The image acquisition unit 61 acquires a captured image obtained by imaging a document. The image acquisition unit 61 is substantially the same as the image acquisition unit 31 in Embodiment 1, and thus a redundant description thereof is omitted. However, in the present embodiment, the image processing unit 72 (corresponding to an “image processing means” according to the present embodiment) performs image processing (i.e., image processing to be evaluated, which is a target on which evaluation of whether image processing is suitable for character recognition is to be performed) on a read image acquired by the read image acquisition unit 71. Thus, the image acquisition unit 61 acquires an image (processed image) on which image processing has been performed as a captured image.

The reception unit 62 receives designation of an OCR area and input of a correct character string for the read document by receiving an operation by the user for selecting a field (a text area (OCR area) which is an area including a character) in the read document (captured image) and an operation by the user for inputting the correct character string written in the area. The reception unit 62 is substantially the same as the reception unit 32 in Embodiment 1, and thus a redundant description thereof is omitted.

The recognition result acquisition unit 63 acquires a character recognition result for the captured image (processed image).

Specifically, the recognition result acquisition unit 63 acquires the character recognition result (i.e., a recognized character string) for a text area (OCR area) in the captured image (processed image). The recognition result acquisition unit 63 may acquire the character recognition result by performing character recognition processing (OCR processing). Alternatively, the recognition result acquisition unit 63 may acquire the character recognition result from another apparatus (apparatus including an OCR engine) that performs the character recognition process.

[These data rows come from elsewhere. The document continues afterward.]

(* Let $R$ be a right $\sigma$-reversible ring, where $\sigma$ is an endomorphism of $R$ with $\sigma(1)=1$. Then the set of idempotents of $R[[x;\sigma]]$ coincides with the set of idempotents of $R$ (viewed as constant series), and $R[[x;\sigma]]$ is abelian (all its idempotents are central).
   Context: All rings are associative with identity; $\sigma$ denotes a nonzero, non-identity ring endomorphism of $R$. The skew power series ring $R[[x;\sigma]]$ consists of all formal series $\sum_{i=0}^\infty a_i x^i$ with $a_i\in R$, added termwise and multiplied using distributivity and the rule $xa=\sigma(a)x$ for $a\in R$. $R$ is right $\sigma$-reversible if for all $a,b\in R$, $ab=0$ implies $b\sigma(a)=0$. *)

theory Defs
  imports "HOL-Computational_Algebra.Formal_Power_Series"
begin

text \<open>Ring endomorphism of a ring with identity (type class ring_1).
  Preservation of 1 is NOT included; it is a separate hypothesis of the lemma.\<close>
definition ring_endo :: "('a::ring_1 \<Rightarrow> 'a) \<Rightarrow> bool" where
  "ring_endo \<sigma> \<longleftrightarrow> (\<forall>a b. \<sigma> (a + b) = \<sigma> a + \<sigma> b) \<and> (\<forall>a b. \<sigma> (a * b) = \<sigma> a * \<sigma> b)"

definition right_sigma_reversible :: "('a::ring_1 \<Rightarrow> 'a) \<Rightarrow> bool" where
  "right_sigma_reversible \<sigma> \<longleftrightarrow> (\<forall>a b. a * b = 0 \<longrightarrow> b * \<sigma> a = 0)"

text \<open>Multiplication in the skew power series ring R[[x;sigma]], with underlying
  series represented as formal power series (coefficient sequences):
  (sum a_i x^i)(sum b_j x^j) = sum_n (sum_{i+j=n} a_i sigma^i(b_j)) x^n,
  since x a = sigma(a) x.  Addition is the usual termwise addition of fps.\<close>
definition skew_mult :: "('a::ring_1 \<Rightarrow> 'a) \<Rightarrow> 'a fps \<Rightarrow> 'a fps \<Rightarrow> 'a fps" where
  "skew_mult \<sigma> f g = Abs_fps (\<lambda>n. \<Sum>i\<le>n. fps_nth f i * (\<sigma> ^^ i) (fps_nth g (n - i)))"

end

theory Submission
  imports Defs
begin

(* Let sigma be a unital ring endomorphism of R with ab = 0 implying b sigma(a) = 0.
   1. For an idempotent c of R, applying reversibility to c(1-c) = 0, (1-c)c = 0
      and their products with an arbitrary r shows sigma(c) = c and that c is central.
   2. Multiplying by a constant series c is easy: (c * f)_n = c f_n and
      (f * c)_n = f_n sigma^n(c).  Hence constant idempotents are idempotent series,
      and a constant central sigma-fixed series commutes with every series.
   3. If e is an idempotent series with constant term c, comparing the n-th
      coefficients of e e = e, by induction on n, gives e_n = c e_n + e_n c, which
      forces e_n = 0 for n > 0 because c is a central idempotent. *)

lemma skew_mult_nth:
  "fps_nth (skew_mult \<sigma> f g) n = (\<Sum>i\<le>n. fps_nth f i * (\<sigma> ^^ i) (fps_nth g (n - i)))"
  by (simp add: skew_mult_def)

lemma ring_endo_diff:
  assumes "ring_endo \<sigma>"
  shows "\<sigma> (a - b) = \<sigma> a - \<sigma> b"
proof -
  have "\<sigma> a = \<sigma> ((a - b) + b)" by simp
  also have "\<dots> = \<sigma> (a - b) + \<sigma> b" using assms unfolding ring_endo_def by blast
  finally show ?thesis by (simp add: algebra_simps)
qed

lemma ring_endo_zero: "ring_endo \<sigma> \<Longrightarrow> \<sigma> 0 = 0"
  using ring_endo_diff[of \<sigma> 0 0] by simp

lemma funpow_fixpoint: "\<sigma> c = c \<Longrightarrow> (\<sigma> ^^ n) c = c"
  by (induction n) auto

lemma reversible_idempotent_fixed:
  fixes \<sigma> :: "'a::ring_1 \<Rightarrow> 'a" and c :: 'a
  assumes endo: "ring_endo \<sigma>" and unital: "\<sigma> 1 = 1"
    and rev: "right_sigma_reversible \<sigma>" and idem: "c * c = c"
  shows "\<sigma> c = c"
proof -
  have "c * (1 - c) = 0" using idem by (simp add: algebra_simps)
  then have "(1 - c) * \<sigma> c = 0" using rev by (simp add: right_sigma_reversible_def)
  then have left: "\<sigma> c = c * \<sigma> c" by (simp add: algebra_simps)
  have "(1 - c) * c = 0" using idem by (simp add: algebra_simps)
  then have "c * \<sigma> (1 - c) = 0" using rev by (simp add: right_sigma_reversible_def)
  then have right: "c = c * \<sigma> c" using ring_endo_diff[OF endo] unital by (simp add: algebra_simps)
  show ?thesis using left right by simp
qed

lemma reversible_idempotent_central:
  fixes \<sigma> :: "'a::ring_1 \<Rightarrow> 'a" and c r :: 'a
  assumes endo: "ring_endo \<sigma>" and unital: "\<sigma> 1 = 1"
    and rev: "right_sigma_reversible \<sigma>" and idem: "c * c = c"
  shows "c * r = r * c"
proof -
  have fixed: "\<sigma> c = c" by (rule reversible_idempotent_fixed[OF assms])
  have "c * ((1 - c) * r) = 0" using idem by (simp add: algebra_simps mult.assoc[symmetric])
  then have "(1 - c) * r * \<sigma> c = 0" using rev by (simp add: right_sigma_reversible_def)
  then have rc: "r * c = c * r * c" using fixed by (simp add: algebra_simps)
  have "(1 - c) * (c * r) = 0" using idem by (simp add: algebra_simps mult.assoc[symmetric])
  then have "c * r * \<sigma> (1 - c) = 0" using rev by (simp add: right_sigma_reversible_def)
  then have "c * r * (1 - c) = 0" using ring_endo_diff[OF endo] unital fixed by simp
  then have cr: "c * r = c * r * c" by (simp add: right_diff_distrib)
  show ?thesis using rc cr by simp
qed

lemma skew_mult_const_left_nth:
  "fps_nth (skew_mult \<sigma> (fps_const c) f) n = c * fps_nth f n"
proof -
  have "fps_nth (skew_mult \<sigma> (fps_const c) f) n
      = (\<Sum>i\<le>n. if i = 0 then c * fps_nth f n else 0)"
    unfolding skew_mult_nth by (rule sum.cong) auto
  then show ?thesis by simp
qed

lemma skew_mult_const_right_nth:
  assumes "ring_endo \<sigma>"
  shows "fps_nth (skew_mult \<sigma> f (fps_const c)) n = fps_nth f n * (\<sigma> ^^ n) c"
proof -
  have zero: "(\<sigma> ^^ i) 0 = 0" for i
    by (rule funpow_fixpoint) (rule ring_endo_zero[OF assms])
  have "fps_nth (skew_mult \<sigma> f (fps_const c)) n
      = (\<Sum>i\<le>n. if i = n then fps_nth f n * (\<sigma> ^^ n) c else 0)"
    unfolding skew_mult_nth by (rule sum.cong) (auto simp: zero)
  then show ?thesis by simp
qed

lemma skew_mult_const_idempotent:
  "c * c = c \<Longrightarrow> skew_mult \<sigma> (fps_const c) (fps_const c) = fps_const c"
  by (rule fps_ext) (simp add: skew_mult_const_left_nth)

lemma skew_mult_const_commute:
  assumes "ring_endo \<sigma>" and "\<sigma> c = c" and "\<And>r. c * r = r * c"
  shows "skew_mult \<sigma> (fps_const c) f = skew_mult \<sigma> f (fps_const c)"
  by (rule fps_ext)
    (simp add: skew_mult_const_left_nth skew_mult_const_right_nth[OF assms(1)]
      funpow_fixpoint[of \<sigma> c, OF assms(2)] assms(3))

(* Step 3, algebraic core: a = ca + ac with c a central idempotent forces a = 0,
   since then a = 2ca, hence ca = 2ca, so ca = 0 and a = 0. *)
lemma central_idempotent_absorb:
  fixes a c :: "'a::ring_1"
  assumes idem: "c * c = c" and comm: "c * a = a * c" and eq: "a = c * a + a * c"
  shows "a = 0"
proof -
  have a2: "a = c * a + c * a" using eq comm by simp
  then have "c * a = c * (c * a + c * a)" by simp
  also have "\<dots> = c * a + c * a" by (simp add: distrib_left mult.assoc[symmetric] idem)
  finally have "c * a = 0" by simp
  then show ?thesis using a2 by simp
qed

(* The coefficient identity for an idempotent series whose coefficients strictly
   between 0 and n vanish: only the terms i = 0 and i = n of (e e)_n survive. *)
lemma idempotent_series_coeff:
  assumes idem: "skew_mult \<sigma> e e = e" and "0 < n"
    and gap: "\<And>m. 0 < m \<Longrightarrow> m < n \<Longrightarrow> fps_nth e m = 0"
  shows "fps_nth e n = fps_nth e 0 * fps_nth e n + fps_nth e n * (\<sigma> ^^ n) (fps_nth e 0)"
proof -
  have "fps_nth e n = (\<Sum>i\<le>n. fps_nth e i * (\<sigma> ^^ i) (fps_nth e (n - i)))"
    using arg_cong[OF idem, of "\<lambda>f. fps_nth f n"] by (simp add: skew_mult_nth)
  also have "\<dots> = (\<Sum>i\<le>n. (if i = 0 then fps_nth e 0 * fps_nth e n else 0)
                         + (if i = n then fps_nth e n * (\<sigma> ^^ n) (fps_nth e 0) else 0))"
    using \<open>0 < n\<close> gap by (intro sum.cong) auto
  also have "\<dots> = fps_nth e 0 * fps_nth e n + fps_nth e n * (\<sigma> ^^ n) (fps_nth e 0)"
    by (simp add: sum.distrib)
  finally show ?thesis .
qed

lemma reversible_idempotent_series_const:
  fixes \<sigma> :: "'a::ring_1 \<Rightarrow> 'a"
  assumes endo: "ring_endo \<sigma>" and unital: "\<sigma> 1 = 1"
    and rev: "right_sigma_reversible \<sigma>" and idem: "skew_mult \<sigma> e e = e"
  shows "fps_nth e 0 * fps_nth e 0 = fps_nth e 0" and "e = fps_const (fps_nth e 0)"
proof -
  define c where "c = fps_nth e 0"
  show c_idem: "fps_nth e 0 * fps_nth e 0 = fps_nth e 0"
    using arg_cong[OF idem, of "\<lambda>f. fps_nth f 0"] by (simp add: skew_mult_nth)
  have fixed: "\<sigma> c = c" and central: "\<And>r. c * r = r * c"
    using reversible_idempotent_fixed[OF endo unital rev c_idem]
      reversible_idempotent_central[OF endo unital rev c_idem] by (simp_all add: c_def)
  have "fps_nth e n = 0" if "0 < n" for n
    using that
  proof (induction n rule: less_induct)
    case (less n)
    have gap: "fps_nth e m = 0" if "0 < m" "m < n" for m
      using less.IH that by blast
    have "(\<sigma> ^^ n) c = c" by (rule funpow_fixpoint[of \<sigma> c, OF fixed])
    then have "fps_nth e n = c * fps_nth e n + fps_nth e n * c"
      using idempotent_series_coeff[OF idem less.prems gap] unfolding c_def by metis
    then show ?case
      by (rule central_idempotent_absorb[OF c_idem[folded c_def] central, rotated])
  qed
  then show "e = fps_const (fps_nth e 0)"
    by (intro fps_ext) (auto simp: gr0_conv_Suc)
qed

theorem lemma3p2:
  fixes \<sigma> :: "'a::ring_1 \<Rightarrow> 'a"
  assumes "ring_endo \<sigma>"
    and "\<sigma> \<noteq> (\<lambda>_. 0)"
    and "\<sigma> \<noteq> id"
    and "\<sigma> 1 = 1"
    and "right_sigma_reversible \<sigma>"
  shows "{e. skew_mult \<sigma> e e = e} = fps_const ` {c. c * c = c}
    \<and> (\<forall>e. skew_mult \<sigma> e e = e \<longrightarrow> (\<forall>f. skew_mult \<sigma> e f = skew_mult \<sigma> f e))"
proof -
  note const = reversible_idempotent_series_const[OF assms(1,4,5)]
  have idempotents: "{e. skew_mult \<sigma> e e = e} = fps_const ` {c. c * c = c}"
  proof
    show "{e. skew_mult \<sigma> e e = e} \<subseteq> fps_const ` {c. c * c = c}"
      using const by blast
    show "fps_const ` {c. c * c = c} \<subseteq> {e. skew_mult \<sigma> e e = e}"
      using skew_mult_const_idempotent by blast
  qed
  have "skew_mult \<sigma> e f = skew_mult \<sigma> f e" if idem: "skew_mult \<sigma> e e = e" for e f
  proof -
    have c_idem: "fps_nth e 0 * fps_nth e 0 = fps_nth e 0" using const(1)[OF idem] .
    have "skew_mult \<sigma> (fps_const (fps_nth e 0)) f = skew_mult \<sigma> f (fps_const (fps_nth e 0))"
      using skew_mult_const_commute[OF assms(1)]
        reversible_idempotent_fixed[OF assms(1,4,5) c_idem]
        reversible_idempotent_central[OF assms(1,4,5) c_idem] by blast
    then show ?thesis using const(2)[OF idem] by simp
  qed
  with idempotents show ?thesis by blast
qed

end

The collation unit 64 collates the correct character string with the recognized character string. The collation unit 64 collates (compares) the correct character string with the recognized character string for the same OCR area, to determine whether the correct character string and the recognized character string completely match. When the correct character string and the recognized character string do not completely match, the collation unit 64 identifies a character (a character having difference) that does not match between both character strings.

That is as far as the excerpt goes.